In its most basic form, pitch is simply the measure of a frequency's speed over a given period of time. Students that are more literally and perhaps, perceptive, may recognize a higher pitch as a pitch that moves faster than other sounds. While the pitch doesn't actually travel any faster, higher pitches do have a faster frequency. Ask if the child can hear if a pitch is moving fast or slow, if you encounter a child that has difficulty recognizing pitches vertically. A good exercise involves playing two pitches and asking which pitch is higher. You can make the activity more advanced by asking students to sing the higher pitch, and then sing both pitches.

Rhythm Exercises

One of the most difficult concepts to teach is the concept of rhythm. Like pitch, most of us understand that some pitches are higher than others, and some rhythms are faster than others. We also know that some rhythms sound different, but how do you communicate those differences to your child? How do you begin to express that a quarter note is worth one beat? A single beat in most pieces falls on the pulse, but teaching a child how to find the pulse can be difficult at first.

One way to start to teach rhythm and beats is to play a song and have the students march in time with you to get a feel for the main beats. Another option involves turning on a metronome and clapping beats in time.
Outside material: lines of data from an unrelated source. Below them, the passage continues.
lemma slope_pos: "slope > 0"
  unfolding slope_def using K_pos A_less_B wmin_pos by simp

lemma C_layer_nonneg: "C_layer \<ge> 0"
  unfolding C_layer_def using K_pos A_less_B slope_pos R_pos A_pos by simp

lemma C_final_pos: "C_final k > 0"
proof -
  have "C_log > 0"
    unfolding C_log_def using C_layer_nonneg q_pos by (simp add: add_pos_nonneg)
  then have "C_excess k > 0"
    unfolding C_excess_def using R_pos K_pos wmax_pos lam_pos by (simp add: add_pos_nonneg)
  moreover have "2 * p + B / A * (4 * p + 2 * q) > 0"
    using p_pos q_pos A_pos A_less_B by (intro add_pos_pos mult_pos_pos divide_pos_pos) auto
  ultimately show ?thesis
    unfolding C_final_def using K_pos by simp
qed

end

locale radial_solution = radial_data +
  fixes \<epsilon> :: real and U U' U'' :: "real \<Rightarrow> real"
  assumes eps_pos: "\<epsilon> > 0"
    and U_deriv: "\<And>x. x \<in> {0..R} \<Longrightarrow> (U has_real_derivative U' x) (at x within {0..R})"
    and U'_cont: "continuous_on {0..R} U'"
    and U'_0: "U' 0 = 0"
    and U'_R: "U' R = R * (A - B) / (\<epsilon>\<^sup>2 * real N * g R)"
    and U'_deriv: "\<And>x. x \<in> {0<..<R} \<Longrightarrow> (U' has_real_derivative U'' x) (at x)"
    and mean_zero: "integral {0..R} (\<lambda>s. s ^ (N - 1) * U s) = 0"
    and ode: "\<And>r. r \<in> {0<..<R} \<Longrightarrow>
       \<epsilon>\<^sup>2 * g r * (U'' r + ((real N - 1) / r + g' r / g r) * U' r)
       = R ^ N / real N *
         (A * exp (p * U r) / integral {0..R} (\<lambda>s. s ^ (N - 1) * exp (p * U s))
          - B * exp (- q * U r) / integral {0..R} (\<lambda>s. s ^ (N - 1) * exp (- q * U s)))"
begin

definition "Ip = integral {0..R} (\<lambda>s. s ^ (N - 1) * exp (p * U s))"

definition "Iq = integral {0..R} (\<lambda>s. s ^ (N - 1) * exp (- q * U s))"

definition "a = A / Ip"

definition "b = B / Iq"

text \<open>The level at which the two exponential terms balance: \<open>a * exp (p * c) = b * exp (- q * c)\<close>.\<close>

definition "c = ln (b / a) / (p + q)"
definition "m = a * exp (p * c)"

definition "flux r = - (\<epsilon>\<^sup>2 * r ^ (N - 1) * g r * U' r)"
definition "source r = r ^ (N - 1) * K * (b * exp (- q * U r) - a * exp (p * U r))"

lemma U_cont: "continuous_on {0..R} U"
  using U_deriv by (intro DERIV_continuous_on) blast

lemma U_has_derivative_at: "x \<in> {0<..<R} \<Longrightarrow> (U has_real_derivative U' x) (at x)"
  using U_deriv[of x] by (simp add: at_within_Icc_at)

lemma Ip_pos: "Ip > 0"
  unfolding Ip_def by (rule integral_weighted_pos) (auto intro!: continuous_intros U_cont)

lemma Iq_pos: "Iq > 0"
  unfolding Iq_def by (rule integral_weighted_pos) (auto intro!: continuous_intros U_cont)

lemma a_pos: "a > 0"
  using Ip_pos A_pos by (simp add: a_def)

lemma b_pos: "b > 0"
  using Iq_pos A_pos A_less_B by (simp add: b_def)

lemma m_pos: "m > 0"
  using a_pos by (simp add: m_def)

lemma a_eq: "a = m * exp (- p * c)"
  unfolding m_def by (simp add: exp_minus)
As the student begins to correctly clap your rhythms back to you, you can begin to teach that that a quarter note lasts for the entire duration of a metronome click, and an eighth notes occurs twice in the space of a click. As you continue to teach these concepts, you can add more advanced rhythms, show the child what each note value looks like and eventually get them to read music on their own.

Melody Exercises 

Most people begin learning about melody by singing along with others in class, churches, and other group activities. If you are teaching a child to sing melodies, use songs that don't have very many skips or leaps. Also, choose a melody with a minimal range. You don't want to sing songs that are going to strain the voice and potentially hurt the vocal chords. If the child has trouble staying on key, use pitch matching and have the child sing each note of the song individually while listening to the same note being played on the piano. When the child begins to get more advanced, start having her sing scales and arpeggios to learn the basic pitches used in tonal music and develop her ability to sing in tune.

Listening Exercises

The point of a listening exercise isn't simply to get a child listening to music. Instead, you want to teach children how to enjoy listening to music. Many people don't know how to listen to classical music simply because they were never taught.

Think of a nostalgic moment in your past while listening to any of the Chopin piano pieces, and you can start to begin to understand the enjoyment that some people receive from listening to classical music. Teach the child how to identify the different melodies and phrases within a piece.
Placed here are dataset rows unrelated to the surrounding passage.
lemma IJ_representable_add:
  assumes "IJ_representable n f" "IJ_representable n g"
  shows "IJ_representable n (\<lambda>h. f h + g h)"
proof -
  obtain \<tau>1 \<sigma>1 \<phi>1 where f_repr: "degree \<phi>1 \<le> deg_bound n"
    "\<forall>h>0. f h = (\<Sum>i\<le>n. \<Sum>j\<le>n - i. \<tau>1 i j * Iint i j h)
              + (\<Sum>i\<le>n. \<Sum>j\<le>n - i. \<sigma>1 i j * Jint i j h) + poly \<phi>1 (uu h)"
    using assms(1) unfolding IJ_representable_def by blast
  obtain \<tau>2 \<sigma>2 \<phi>2 where g_repr: "degree \<phi>2 \<le> deg_bound n"
    "\<forall>h>0. g h = (\<Sum>i\<le>n. \<Sum>j\<le>n - i. \<tau>2 i j * Iint i j h)
              + (\<Sum>i\<le>n. \<Sum>j\<le>n - i. \<sigma>2 i j * Jint i j h) + poly \<phi>2 (uu h)"
    using assms(2) unfolding IJ_representable_def by blast
  show ?thesis
    unfolding IJ_representable_def
    by (intro exI[of _ "\<lambda>i j. \<tau>1 i j + \<tau>2 i j"] exI[of _ "\<lambda>i j. \<sigma>1 i j + \<sigma>2 i j"]
        exI[of _ "\<phi>1 + \<phi>2"])
       (simp add: f_repr g_repr degree_add_le distrib_right sum.distrib)
qed

lemma IJ_representable_scale:
  assumes "IJ_representable n f"
  shows "IJ_representable n (\<lambda>h. c * f h)"
proof -
  obtain \<tau> \<sigma> \<phi> where "degree \<phi> \<le> deg_bound n"
    "\<forall>h>0. f h = (\<Sum>i\<le>n. \<Sum>j\<le>n - i. \<tau> i j * Iint i j h)
              + (\<Sum>i\<le>n. \<Sum>j\<le>n - i. \<sigma> i j * Jint i j h) + poly \<phi> (uu h)"
    using assms unfolding IJ_representable_def by blast
  then show ?thesis
    unfolding IJ_representable_def
    by (intro exI[of _ "\<lambda>i j. c * \<tau> i j"] exI[of _ "\<lambda>i j. c * \<sigma> i j"] exI[of _ "smult c \<phi>"])
       (auto simp: distrib_left sum_distrib_left mult.assoc intro: order_trans[OF degree_smult_le])
qed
Listening exercises should come after all the other exercises have been introduced. Start by playing a piece and ask the child to raise his hand when the first melody completes. If the child missed the end of the melody try again and help him see where the melody ended. Continue through the piece until he can get most of the melodies right.

Once you finish, play the entire piece and have the child draw a picture of what he imagines when listening to the composition. As you continue teaching, you can begin to explore the smaller elements of the piece such as motives and how the harmony helps to affect the mood of the melody.